%%
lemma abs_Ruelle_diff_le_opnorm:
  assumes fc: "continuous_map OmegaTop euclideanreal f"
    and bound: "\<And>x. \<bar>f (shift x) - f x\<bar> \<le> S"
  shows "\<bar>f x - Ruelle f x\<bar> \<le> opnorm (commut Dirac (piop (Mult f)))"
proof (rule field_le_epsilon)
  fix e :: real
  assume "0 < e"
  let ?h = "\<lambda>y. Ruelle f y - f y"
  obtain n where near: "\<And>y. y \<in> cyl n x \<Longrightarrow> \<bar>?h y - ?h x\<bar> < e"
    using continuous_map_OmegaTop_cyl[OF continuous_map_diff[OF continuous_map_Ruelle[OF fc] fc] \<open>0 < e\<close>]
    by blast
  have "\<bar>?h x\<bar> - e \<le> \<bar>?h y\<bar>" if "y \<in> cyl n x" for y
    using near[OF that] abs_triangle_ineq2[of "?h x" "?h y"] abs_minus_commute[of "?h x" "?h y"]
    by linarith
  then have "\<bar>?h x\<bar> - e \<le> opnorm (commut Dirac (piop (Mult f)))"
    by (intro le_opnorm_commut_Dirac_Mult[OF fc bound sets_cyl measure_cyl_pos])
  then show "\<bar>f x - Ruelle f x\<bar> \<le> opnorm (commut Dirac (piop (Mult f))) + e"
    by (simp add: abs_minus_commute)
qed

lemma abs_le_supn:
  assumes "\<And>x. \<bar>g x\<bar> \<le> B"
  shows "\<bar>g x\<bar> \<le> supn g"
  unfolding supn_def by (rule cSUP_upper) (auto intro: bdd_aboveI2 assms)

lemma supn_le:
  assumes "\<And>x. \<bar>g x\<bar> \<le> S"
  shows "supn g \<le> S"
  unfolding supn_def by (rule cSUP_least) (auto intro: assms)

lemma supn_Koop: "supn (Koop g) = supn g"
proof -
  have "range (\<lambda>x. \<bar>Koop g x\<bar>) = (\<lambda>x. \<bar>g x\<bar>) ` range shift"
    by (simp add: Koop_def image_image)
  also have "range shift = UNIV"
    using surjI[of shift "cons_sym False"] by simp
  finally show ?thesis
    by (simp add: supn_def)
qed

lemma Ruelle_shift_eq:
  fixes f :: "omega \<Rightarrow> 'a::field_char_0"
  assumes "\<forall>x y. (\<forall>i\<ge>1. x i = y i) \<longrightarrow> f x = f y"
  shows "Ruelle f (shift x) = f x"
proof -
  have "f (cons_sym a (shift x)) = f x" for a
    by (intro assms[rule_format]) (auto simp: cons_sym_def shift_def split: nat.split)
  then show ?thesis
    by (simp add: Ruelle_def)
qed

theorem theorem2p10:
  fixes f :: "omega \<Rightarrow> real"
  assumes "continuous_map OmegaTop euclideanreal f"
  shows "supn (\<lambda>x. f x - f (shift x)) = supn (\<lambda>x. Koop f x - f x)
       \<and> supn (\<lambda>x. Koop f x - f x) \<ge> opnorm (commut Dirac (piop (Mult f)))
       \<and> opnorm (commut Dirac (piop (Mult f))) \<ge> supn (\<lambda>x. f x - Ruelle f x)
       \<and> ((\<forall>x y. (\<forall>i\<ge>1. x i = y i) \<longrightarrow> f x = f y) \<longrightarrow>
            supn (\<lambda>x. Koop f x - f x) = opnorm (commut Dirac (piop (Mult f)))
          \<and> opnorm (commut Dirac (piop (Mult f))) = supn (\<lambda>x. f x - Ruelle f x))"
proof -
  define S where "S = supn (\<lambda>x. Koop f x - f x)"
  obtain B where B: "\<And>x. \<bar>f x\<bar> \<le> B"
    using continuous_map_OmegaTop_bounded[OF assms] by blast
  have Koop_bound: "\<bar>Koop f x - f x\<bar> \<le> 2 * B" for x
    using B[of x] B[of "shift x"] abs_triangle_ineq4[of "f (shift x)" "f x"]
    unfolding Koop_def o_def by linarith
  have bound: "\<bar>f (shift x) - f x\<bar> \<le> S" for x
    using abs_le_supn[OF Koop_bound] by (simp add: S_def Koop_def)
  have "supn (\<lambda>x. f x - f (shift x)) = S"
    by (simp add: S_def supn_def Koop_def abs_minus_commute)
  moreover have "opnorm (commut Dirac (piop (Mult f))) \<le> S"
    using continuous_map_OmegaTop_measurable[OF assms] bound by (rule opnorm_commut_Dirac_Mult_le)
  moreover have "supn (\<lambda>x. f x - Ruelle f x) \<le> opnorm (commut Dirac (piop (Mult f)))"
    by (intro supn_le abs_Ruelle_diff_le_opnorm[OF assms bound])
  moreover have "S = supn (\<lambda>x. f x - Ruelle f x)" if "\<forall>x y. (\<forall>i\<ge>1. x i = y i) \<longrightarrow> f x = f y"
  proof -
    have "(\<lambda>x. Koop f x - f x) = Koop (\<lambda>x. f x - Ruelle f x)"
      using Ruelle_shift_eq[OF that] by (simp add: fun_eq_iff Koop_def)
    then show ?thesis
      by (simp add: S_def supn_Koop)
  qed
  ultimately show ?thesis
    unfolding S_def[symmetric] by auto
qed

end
%%
%%
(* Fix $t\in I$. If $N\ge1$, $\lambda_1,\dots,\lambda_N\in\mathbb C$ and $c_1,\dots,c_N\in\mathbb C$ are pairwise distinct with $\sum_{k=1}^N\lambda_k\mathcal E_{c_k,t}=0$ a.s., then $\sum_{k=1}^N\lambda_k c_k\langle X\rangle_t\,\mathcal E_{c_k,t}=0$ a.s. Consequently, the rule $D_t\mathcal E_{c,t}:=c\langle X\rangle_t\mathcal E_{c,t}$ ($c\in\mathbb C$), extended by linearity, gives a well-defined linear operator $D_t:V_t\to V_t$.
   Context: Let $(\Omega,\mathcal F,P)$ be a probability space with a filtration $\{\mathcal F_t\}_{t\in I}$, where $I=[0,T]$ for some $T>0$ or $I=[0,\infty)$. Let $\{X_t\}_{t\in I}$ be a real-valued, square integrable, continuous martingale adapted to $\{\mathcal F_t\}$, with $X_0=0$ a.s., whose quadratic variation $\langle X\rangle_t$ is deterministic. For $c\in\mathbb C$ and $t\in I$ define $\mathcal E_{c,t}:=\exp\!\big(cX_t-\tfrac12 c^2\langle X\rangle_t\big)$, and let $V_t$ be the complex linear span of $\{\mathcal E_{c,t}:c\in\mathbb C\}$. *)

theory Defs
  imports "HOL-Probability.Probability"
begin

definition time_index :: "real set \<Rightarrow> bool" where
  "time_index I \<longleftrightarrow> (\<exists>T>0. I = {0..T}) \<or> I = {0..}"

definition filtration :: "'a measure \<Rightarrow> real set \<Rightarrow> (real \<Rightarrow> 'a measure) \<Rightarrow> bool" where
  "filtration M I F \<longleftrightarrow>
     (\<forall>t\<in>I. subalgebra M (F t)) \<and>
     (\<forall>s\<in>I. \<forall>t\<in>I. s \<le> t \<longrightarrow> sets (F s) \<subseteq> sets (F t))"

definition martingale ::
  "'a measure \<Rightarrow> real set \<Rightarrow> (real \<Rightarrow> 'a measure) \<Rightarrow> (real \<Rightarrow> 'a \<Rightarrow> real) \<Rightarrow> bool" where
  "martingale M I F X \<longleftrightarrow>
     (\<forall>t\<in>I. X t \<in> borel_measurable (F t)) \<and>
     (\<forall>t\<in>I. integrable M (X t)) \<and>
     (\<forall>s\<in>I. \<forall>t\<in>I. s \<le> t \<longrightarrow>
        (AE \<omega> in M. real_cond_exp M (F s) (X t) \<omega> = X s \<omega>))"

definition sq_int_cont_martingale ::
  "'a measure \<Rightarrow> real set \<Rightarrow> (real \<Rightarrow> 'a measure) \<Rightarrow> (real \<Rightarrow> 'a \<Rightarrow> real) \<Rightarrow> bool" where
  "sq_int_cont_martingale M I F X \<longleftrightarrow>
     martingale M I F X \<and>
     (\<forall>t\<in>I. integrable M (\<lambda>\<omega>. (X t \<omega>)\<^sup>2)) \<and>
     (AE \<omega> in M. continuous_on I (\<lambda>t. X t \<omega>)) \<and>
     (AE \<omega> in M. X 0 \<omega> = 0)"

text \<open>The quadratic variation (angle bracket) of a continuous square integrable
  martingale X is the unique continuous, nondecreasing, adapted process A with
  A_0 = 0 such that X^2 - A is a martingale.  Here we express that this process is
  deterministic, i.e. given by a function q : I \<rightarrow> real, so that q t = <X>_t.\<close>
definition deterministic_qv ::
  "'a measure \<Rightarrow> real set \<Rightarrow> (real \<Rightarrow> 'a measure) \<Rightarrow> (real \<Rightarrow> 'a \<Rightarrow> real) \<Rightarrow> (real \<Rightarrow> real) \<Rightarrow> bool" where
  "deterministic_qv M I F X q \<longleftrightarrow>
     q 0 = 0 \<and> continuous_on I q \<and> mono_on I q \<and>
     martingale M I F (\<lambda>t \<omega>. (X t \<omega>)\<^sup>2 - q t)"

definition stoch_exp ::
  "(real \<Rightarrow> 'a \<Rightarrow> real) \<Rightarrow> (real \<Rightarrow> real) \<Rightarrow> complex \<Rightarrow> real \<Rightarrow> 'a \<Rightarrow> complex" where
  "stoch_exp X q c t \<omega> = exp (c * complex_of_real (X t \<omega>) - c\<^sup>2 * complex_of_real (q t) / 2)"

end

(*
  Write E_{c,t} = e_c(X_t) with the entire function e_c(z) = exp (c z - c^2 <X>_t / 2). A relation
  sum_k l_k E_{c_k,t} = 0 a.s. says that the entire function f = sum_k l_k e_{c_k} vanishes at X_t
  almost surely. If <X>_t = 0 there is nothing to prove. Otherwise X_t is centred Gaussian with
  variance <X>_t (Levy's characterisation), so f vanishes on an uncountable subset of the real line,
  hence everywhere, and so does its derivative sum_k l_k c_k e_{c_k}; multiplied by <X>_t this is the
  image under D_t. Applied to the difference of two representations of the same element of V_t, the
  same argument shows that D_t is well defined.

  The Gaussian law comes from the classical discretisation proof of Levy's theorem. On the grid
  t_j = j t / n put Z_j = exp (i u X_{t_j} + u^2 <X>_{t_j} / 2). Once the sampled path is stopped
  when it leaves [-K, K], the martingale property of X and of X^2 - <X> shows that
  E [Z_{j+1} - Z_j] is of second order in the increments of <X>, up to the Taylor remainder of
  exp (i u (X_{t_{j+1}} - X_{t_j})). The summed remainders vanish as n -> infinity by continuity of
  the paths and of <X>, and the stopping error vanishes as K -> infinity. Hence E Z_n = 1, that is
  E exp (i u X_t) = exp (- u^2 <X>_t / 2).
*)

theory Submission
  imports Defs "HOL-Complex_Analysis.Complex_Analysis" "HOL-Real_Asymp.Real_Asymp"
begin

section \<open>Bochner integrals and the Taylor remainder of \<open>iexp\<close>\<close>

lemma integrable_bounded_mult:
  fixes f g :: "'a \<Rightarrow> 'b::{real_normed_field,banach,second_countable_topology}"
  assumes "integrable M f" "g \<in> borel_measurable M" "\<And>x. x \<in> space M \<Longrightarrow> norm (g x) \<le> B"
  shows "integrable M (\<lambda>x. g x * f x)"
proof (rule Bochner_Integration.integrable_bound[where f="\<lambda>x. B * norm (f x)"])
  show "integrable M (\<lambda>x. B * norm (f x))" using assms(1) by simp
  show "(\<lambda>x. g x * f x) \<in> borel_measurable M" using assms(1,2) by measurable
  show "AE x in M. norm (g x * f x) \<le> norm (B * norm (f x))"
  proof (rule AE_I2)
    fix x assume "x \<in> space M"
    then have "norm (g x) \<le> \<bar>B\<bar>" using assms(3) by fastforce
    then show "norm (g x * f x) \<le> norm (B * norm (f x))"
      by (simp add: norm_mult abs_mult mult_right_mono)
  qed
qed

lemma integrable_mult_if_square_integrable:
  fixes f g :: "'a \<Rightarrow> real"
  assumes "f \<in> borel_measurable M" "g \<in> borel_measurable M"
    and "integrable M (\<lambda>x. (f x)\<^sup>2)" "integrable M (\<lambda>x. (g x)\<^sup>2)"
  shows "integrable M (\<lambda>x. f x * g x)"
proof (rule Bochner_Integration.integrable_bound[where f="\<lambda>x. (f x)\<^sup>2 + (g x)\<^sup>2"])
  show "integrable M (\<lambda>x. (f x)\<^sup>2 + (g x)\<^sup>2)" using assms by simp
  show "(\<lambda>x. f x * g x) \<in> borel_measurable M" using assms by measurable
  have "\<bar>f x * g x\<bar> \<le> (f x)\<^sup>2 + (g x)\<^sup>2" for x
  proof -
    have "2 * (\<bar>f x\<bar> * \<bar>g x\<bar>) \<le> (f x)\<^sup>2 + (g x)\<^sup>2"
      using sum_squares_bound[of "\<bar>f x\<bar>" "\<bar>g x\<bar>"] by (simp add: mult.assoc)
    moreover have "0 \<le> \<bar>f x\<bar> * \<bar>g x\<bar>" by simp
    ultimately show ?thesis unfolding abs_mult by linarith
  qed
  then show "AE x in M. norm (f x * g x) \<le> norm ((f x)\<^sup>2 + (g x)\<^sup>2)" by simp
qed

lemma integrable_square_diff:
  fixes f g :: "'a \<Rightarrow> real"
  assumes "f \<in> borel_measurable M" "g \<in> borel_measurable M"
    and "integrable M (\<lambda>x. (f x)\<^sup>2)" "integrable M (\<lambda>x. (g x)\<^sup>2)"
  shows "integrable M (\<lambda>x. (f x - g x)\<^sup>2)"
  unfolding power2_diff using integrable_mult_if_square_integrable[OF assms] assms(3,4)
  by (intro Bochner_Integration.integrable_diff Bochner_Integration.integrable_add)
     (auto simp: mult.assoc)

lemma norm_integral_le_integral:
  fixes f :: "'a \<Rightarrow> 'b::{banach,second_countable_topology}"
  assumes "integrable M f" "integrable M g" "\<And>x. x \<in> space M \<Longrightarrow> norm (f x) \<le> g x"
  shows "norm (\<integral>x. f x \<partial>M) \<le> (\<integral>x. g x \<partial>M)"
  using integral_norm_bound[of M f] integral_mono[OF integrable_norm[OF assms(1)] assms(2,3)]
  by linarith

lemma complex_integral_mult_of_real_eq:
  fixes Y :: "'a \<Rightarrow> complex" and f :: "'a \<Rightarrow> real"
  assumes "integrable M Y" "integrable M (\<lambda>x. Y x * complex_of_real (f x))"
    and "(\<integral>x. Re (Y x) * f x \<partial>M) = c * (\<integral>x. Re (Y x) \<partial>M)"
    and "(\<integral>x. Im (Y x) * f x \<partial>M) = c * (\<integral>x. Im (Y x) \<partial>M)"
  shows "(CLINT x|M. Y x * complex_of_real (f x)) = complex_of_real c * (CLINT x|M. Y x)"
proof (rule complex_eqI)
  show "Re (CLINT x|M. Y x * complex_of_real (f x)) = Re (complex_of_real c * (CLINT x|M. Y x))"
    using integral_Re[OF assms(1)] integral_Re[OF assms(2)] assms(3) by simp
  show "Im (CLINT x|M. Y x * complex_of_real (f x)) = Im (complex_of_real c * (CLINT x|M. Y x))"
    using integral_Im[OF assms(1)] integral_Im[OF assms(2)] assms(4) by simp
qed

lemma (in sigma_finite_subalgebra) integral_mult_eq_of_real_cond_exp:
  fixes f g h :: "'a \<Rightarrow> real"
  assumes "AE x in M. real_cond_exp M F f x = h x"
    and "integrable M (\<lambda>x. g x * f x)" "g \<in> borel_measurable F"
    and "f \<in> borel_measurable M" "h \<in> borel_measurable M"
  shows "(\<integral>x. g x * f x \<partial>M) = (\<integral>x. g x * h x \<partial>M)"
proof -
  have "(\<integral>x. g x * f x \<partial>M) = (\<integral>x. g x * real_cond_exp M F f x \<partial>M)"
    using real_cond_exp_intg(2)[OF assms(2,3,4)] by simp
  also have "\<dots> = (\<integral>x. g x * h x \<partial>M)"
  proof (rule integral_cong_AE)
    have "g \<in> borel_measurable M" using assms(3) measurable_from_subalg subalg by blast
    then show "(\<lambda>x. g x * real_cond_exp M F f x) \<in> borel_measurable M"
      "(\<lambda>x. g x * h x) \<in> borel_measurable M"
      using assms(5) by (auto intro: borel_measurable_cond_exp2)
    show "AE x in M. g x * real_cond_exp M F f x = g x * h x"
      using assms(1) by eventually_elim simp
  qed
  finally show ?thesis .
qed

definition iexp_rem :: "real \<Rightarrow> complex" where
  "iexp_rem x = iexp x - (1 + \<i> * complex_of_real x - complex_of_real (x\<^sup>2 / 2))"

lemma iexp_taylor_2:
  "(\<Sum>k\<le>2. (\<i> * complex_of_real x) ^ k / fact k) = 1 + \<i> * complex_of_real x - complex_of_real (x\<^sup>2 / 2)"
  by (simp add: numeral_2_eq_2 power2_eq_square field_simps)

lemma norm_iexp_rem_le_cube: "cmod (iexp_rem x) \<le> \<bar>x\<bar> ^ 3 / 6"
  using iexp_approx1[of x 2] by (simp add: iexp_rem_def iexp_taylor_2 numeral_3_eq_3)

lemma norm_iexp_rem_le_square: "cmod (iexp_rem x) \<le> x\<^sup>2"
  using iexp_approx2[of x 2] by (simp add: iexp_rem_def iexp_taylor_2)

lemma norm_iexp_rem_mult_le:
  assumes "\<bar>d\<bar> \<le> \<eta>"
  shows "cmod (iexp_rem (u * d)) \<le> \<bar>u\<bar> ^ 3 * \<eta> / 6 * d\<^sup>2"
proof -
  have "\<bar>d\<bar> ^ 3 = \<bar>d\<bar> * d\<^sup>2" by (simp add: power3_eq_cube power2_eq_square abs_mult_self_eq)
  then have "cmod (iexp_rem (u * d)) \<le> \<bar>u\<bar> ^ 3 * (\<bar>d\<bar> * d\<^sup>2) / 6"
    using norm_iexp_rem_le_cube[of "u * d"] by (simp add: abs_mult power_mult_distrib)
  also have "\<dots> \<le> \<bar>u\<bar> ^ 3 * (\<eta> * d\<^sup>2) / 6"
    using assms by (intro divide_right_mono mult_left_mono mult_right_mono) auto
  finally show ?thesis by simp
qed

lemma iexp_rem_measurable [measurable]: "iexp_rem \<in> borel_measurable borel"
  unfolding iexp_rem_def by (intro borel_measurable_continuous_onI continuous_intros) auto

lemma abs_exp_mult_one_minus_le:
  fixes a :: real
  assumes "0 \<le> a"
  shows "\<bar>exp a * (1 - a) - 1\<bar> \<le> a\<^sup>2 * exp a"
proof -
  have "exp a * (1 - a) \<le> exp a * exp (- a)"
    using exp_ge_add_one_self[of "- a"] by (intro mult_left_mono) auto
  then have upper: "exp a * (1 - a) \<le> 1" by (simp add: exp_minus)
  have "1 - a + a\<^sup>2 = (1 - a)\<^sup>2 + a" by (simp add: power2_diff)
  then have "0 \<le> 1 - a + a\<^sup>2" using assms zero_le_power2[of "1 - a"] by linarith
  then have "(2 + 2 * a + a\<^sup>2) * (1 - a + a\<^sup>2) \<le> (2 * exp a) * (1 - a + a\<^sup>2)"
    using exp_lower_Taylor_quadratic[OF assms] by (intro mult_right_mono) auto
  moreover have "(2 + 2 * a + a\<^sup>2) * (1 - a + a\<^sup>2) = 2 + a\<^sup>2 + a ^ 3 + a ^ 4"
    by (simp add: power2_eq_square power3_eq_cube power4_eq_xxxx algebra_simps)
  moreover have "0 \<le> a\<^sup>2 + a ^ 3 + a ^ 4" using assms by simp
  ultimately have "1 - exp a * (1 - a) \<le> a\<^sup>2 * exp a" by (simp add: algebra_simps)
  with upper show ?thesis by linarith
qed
%%
Keep both end lines and retype everything in the records above from the line containing "M \<Longrightarrow> norm (f" through the line containing "using integral_norm_bound[of M", exactly, with nothing else.

▶ Answer space:
  assumes "integrable M f" "integrable M g" "\<And>x. x \<in> space M \<Longrightarrow> norm (f x) \<le> g x"
  shows "norm (\<integral>x. f x \<partial>M) \<le> (\<integral>x. g x \<partial>M)"
  using integral_norm_bound[of M f] integral_mono[OF integrable_norm[OF assms(1)] assms(2,3)]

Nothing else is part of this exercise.